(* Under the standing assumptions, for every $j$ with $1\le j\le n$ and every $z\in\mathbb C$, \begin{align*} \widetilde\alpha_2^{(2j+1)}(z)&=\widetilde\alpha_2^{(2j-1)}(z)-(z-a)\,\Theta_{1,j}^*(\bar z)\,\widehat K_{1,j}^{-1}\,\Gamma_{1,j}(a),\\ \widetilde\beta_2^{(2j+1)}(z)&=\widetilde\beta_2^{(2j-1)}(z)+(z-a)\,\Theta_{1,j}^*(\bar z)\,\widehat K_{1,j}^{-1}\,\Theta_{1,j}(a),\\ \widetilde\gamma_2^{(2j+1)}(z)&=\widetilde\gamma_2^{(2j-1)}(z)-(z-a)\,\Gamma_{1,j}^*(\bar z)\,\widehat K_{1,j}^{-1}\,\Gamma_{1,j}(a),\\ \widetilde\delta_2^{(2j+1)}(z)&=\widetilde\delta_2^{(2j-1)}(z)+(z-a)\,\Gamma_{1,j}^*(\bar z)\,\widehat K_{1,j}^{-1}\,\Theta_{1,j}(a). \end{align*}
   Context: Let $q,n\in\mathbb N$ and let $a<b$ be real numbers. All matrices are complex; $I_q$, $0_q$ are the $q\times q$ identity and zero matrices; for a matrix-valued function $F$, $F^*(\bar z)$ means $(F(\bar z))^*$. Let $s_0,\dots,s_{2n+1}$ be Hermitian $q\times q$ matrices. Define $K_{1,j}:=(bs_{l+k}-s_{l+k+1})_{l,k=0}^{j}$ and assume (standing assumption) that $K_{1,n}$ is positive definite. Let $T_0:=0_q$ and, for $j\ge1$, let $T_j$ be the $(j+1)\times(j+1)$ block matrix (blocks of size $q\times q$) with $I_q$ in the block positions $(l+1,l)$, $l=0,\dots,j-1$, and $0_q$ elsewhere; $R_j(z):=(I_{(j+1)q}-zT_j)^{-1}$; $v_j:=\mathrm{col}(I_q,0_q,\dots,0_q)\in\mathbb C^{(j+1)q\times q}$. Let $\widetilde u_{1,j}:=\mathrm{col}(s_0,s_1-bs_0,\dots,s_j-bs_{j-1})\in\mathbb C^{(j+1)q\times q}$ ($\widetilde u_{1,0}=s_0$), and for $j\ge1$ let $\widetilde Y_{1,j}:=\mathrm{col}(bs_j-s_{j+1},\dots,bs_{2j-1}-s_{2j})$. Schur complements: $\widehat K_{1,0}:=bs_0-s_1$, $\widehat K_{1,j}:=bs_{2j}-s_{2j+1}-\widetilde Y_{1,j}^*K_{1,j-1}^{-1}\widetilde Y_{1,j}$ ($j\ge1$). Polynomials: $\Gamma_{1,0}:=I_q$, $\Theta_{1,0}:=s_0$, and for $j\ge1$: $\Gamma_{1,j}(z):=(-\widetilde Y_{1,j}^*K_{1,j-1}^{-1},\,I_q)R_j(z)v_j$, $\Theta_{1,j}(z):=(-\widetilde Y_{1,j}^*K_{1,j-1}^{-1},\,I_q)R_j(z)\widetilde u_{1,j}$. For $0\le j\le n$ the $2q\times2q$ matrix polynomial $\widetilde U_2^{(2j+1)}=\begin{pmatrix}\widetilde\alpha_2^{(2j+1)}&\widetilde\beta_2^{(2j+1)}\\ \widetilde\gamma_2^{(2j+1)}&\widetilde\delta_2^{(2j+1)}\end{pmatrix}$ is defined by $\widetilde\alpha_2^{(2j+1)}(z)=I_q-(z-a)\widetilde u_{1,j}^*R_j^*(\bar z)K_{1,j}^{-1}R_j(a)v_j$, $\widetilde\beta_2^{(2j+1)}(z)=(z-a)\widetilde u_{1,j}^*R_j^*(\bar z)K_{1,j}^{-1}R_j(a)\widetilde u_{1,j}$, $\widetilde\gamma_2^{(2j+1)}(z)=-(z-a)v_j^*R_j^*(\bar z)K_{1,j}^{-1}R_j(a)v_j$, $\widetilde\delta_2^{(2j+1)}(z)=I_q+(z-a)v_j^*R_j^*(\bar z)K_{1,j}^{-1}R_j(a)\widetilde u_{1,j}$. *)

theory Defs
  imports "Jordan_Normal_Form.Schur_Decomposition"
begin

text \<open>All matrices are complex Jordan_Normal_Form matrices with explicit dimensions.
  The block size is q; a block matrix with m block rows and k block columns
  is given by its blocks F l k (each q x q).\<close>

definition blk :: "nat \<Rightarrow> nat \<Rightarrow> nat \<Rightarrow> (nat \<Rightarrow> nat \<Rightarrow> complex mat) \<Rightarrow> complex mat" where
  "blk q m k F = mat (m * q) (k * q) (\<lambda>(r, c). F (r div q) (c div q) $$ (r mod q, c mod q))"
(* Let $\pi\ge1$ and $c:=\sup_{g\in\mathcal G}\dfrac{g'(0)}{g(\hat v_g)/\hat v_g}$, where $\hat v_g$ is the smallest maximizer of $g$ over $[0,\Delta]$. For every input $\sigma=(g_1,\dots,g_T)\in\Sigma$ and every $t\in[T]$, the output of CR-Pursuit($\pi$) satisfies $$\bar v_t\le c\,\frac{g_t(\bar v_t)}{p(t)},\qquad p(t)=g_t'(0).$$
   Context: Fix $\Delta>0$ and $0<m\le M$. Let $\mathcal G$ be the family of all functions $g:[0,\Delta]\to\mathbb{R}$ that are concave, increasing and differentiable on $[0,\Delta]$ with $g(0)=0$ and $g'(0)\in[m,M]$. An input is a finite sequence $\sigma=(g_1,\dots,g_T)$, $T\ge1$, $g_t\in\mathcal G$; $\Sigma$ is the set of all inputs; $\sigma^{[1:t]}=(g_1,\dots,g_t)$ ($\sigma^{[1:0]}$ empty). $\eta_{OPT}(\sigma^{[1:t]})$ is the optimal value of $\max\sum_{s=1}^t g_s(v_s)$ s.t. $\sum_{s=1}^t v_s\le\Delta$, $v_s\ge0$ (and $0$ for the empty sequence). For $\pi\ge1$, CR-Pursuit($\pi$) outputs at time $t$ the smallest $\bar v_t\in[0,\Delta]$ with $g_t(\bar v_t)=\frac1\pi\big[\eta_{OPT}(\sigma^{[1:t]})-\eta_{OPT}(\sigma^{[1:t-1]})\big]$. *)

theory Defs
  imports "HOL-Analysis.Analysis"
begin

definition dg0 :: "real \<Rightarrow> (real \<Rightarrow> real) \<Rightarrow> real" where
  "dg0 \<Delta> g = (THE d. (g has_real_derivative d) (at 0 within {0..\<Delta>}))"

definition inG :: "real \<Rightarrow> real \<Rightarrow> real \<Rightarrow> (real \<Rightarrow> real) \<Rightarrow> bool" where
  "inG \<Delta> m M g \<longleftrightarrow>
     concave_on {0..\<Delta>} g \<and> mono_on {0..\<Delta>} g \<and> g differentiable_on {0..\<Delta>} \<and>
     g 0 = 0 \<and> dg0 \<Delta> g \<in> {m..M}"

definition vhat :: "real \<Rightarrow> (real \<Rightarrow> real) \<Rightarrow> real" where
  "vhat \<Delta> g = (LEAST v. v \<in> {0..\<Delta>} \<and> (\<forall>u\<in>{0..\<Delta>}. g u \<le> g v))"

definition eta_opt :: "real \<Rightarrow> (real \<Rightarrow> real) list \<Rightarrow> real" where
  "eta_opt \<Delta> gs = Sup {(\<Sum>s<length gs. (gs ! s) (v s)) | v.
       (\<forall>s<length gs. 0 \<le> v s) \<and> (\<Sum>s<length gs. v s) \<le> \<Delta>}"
★ ★ ★ ★
§ **WHAT YOU SHOULD DO**: Write out every line of the data that holds the word "vhat".

§ **RESPONSE AREA**:
definition vhat :: "real \<Rightarrow> (real \<Rightarrow> real) \<Rightarrow> real" where
  "vhat \<Delta> g = (LEAST v. v \<in> {0..\<Delta>} \<and> (\<forall>u\<in>{0..\<Delta>}. g u \<le> g v))"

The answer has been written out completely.